There are a number of options... the easiest is PPP through the serial port to some other computer. The more complex option would be a back-to-back modem connection (directly cable the tivo to a modem, no phone line.)

I REALLY wish DTV would pull the stick out of their a** and let Tivo load the USB drivers.


----------



## Impozter (Dec 25, 2009)

I've wanted a Tivo for a couple years and have been looking at them. Now I bought one paid the $12.99 and Im stuck. I dont have home phone SERVICE!!!

Everything I have ever read says you need access to a phone jack or a land line. Nowhere does it say you have to(Pay another company) have phone SERVICE. Why would I even think That that would be the case???

It should say in HUGE LETTERING - You must pay another company(phone or internet) to make your TIVO work.

This would of been a deal breaker if I would of known!!!!!!!!!!!!!!!!
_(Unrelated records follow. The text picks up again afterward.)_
(* Fix a finite alphabet $\Sigma$. For every $C_7\in\mathbb{N}$ there exists $C_9$, bounded by a polynomial in $C_7$ (the polynomial depending only on $|\Sigma|$), such that the following holds. Let $P,Q\subseteq[0..C_7]^\Sigma$ with $0\notin P$, $0\notin Q$, and $\bigoplus_{\mathbb{P}}P\cap\bigoplus_{\mathbb{P}}Q=\{0\}$. Then there is a linear function $\Phi:\mathbb{Q}^\Sigma\to\mathbb{Q}$ with integer coefficients, $\Phi(x)=\sum_{\sigma\in\Sigma}\phi_\sigma x_\sigma$ with $\phi\in\mathbb{Z}^\Sigma$, such that $\Phi(p)>0$ for all $p\in P$, $\Phi(q)<0$ for all $q\in Q$, and $\sum_\sigma|\phi_\sigma|\le C_9$.
   Context: $[0..C]=\{0,1,\ldots,C\}$; $\mathbb{P}$ is the set of non-negative rationals; for a set $B$ of vectors, $\bigoplus_{\mathbb{P}}B=\{\sum_{b\in B}\alpha_b b:\alpha_b\in\mathbb{P}\text{ for all } b\in B\}$. *)

theory Defs
  imports Main "HOL-Computational_Algebra.Polynomial"
begin

definition box :: "nat \<Rightarrow> ('a \<Rightarrow> rat) set" where
  "box C = {v. \<forall>\<sigma>. \<exists>k::nat. k \<le> C \<and> v \<sigma> = of_nat k}"

definition pcone :: "('a \<Rightarrow> rat) set \<Rightarrow> ('a \<Rightarrow> rat) set" where
  "pcone B = {x. \<exists>\<alpha>::('a \<Rightarrow> rat) \<Rightarrow> rat. (\<forall>b\<in>B. \<alpha> b \<ge> 0) \<and>
                   x = (\<lambda>\<sigma>. \<Sum>b\<in>B. \<alpha> b * b \<sigma>)}"

end

theory Submission
  imports Defs "HOL-Analysis.Analysis"
begin

text \<open>Put \<open>R = P \<union> -Q\<close>. The cone condition says that no nontrivial non-negative combination of \<open>R\<close>
  vanishes, so by Gordan's theorem some \<open>\<phi>\<close> has \<open>\<phi> \<bullet> r > 0\<close> on all of \<open>R\<close>. Among the separators
  normalised by \<open>\<phi> \<bullet> r \<ge> 1\<close> pick a vertex, i.e. one at which the tight constraints span the whole
  space. It solves a nonsingular system \<open>M \<phi> = b\<close> whose entries are integers of size at most \<open>C + 1\<close>,
  so by Cramer's rule \<open>\<bar>det M\<bar> \<phi>\<close> is an integral separator with entries of size at most
  \<open>n! (C + 1)^n\<close>, \<open>n = |\<Sigma>|\<close>.\<close>

section \<open>Gordan's theorem\<close>

definition dot :: "('a::finite \<Rightarrow> 'f::comm_semiring_0) \<Rightarrow> ('a \<Rightarrow> 'f) \<Rightarrow> 'f" where
  "dot u w = (\<Sum>\<sigma>\<in>UNIV. u \<sigma> * w \<sigma>)"

lemma dot_lincomb_left:
  "dot (\<lambda>\<sigma>. a * u \<sigma> + b * z \<sigma>) w = a * dot u w + b * dot z (w :: _ \<Rightarrow> 'f::comm_semiring_1)"
  by (simp add: dot_def sum.distrib sum_distrib_left algebra_simps)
Anyways its been a week, what a waste of money. Im getting mad! I only paid $13.00 so far. I might just cancel and never pay the the $158 charge.


----------



## litzdog911 (Oct 18, 2002)

Impozter:
You only need the phone connection for the first initial Guided Setup. And you can do that from a friend or neighbor with an analog phone line. After the initial Guided Setup you don't need a phone connection. And note that the newer DirecTV DVRs don't need a phone connection at all.


----------



## Torgo (Dec 31, 2001)

Impozter said:


> I've wanted a Tivo for a couple years and have been looking at them. Now I bought one paid the $12.99 and Im stuck. I dont have home phone SERVICE!!!
> 
> Everything I have ever read says you need access to a phone jack or a land line. Nowhere does it say you have to(Pay another company) have phone SERVICE. Why would I even think That that would be the case???
> 
> ...


That's just the beginning of it. You didn't realize this, but the power plug on the tivo, the one you plugged into the outlet..well, hate to break it to you, but.. IT REQUIRES ELECTRICAL SERVICE FROM ANOTHER COMPANY FOR THE TIVO TO WORK!!!

They've been hiding this little fact as well.

Scum, I tell you, scum!


----------



## Dkerr24 (Oct 29, 2004)

Impozter said:


> I've wanted a Tivo for a couple years and have been looking at them. Now I bought one paid the $12.99 and Im stuck. I dont have home phone SERVICE!!!
> 
> Everything I have ever read says you need access to a phone jack or a land line. Nowhere does it say you have to(Pay another company) have phone SERVICE. Why would I even think That that would be the case???
> 
> ...


What's next, Impozter? Ford needs to start running ads with 'huge letter' disclaimers that state their vehicles NEED GASOLINE TO RUN? Shame on you for not doing your homework before purchasing your unit.


----------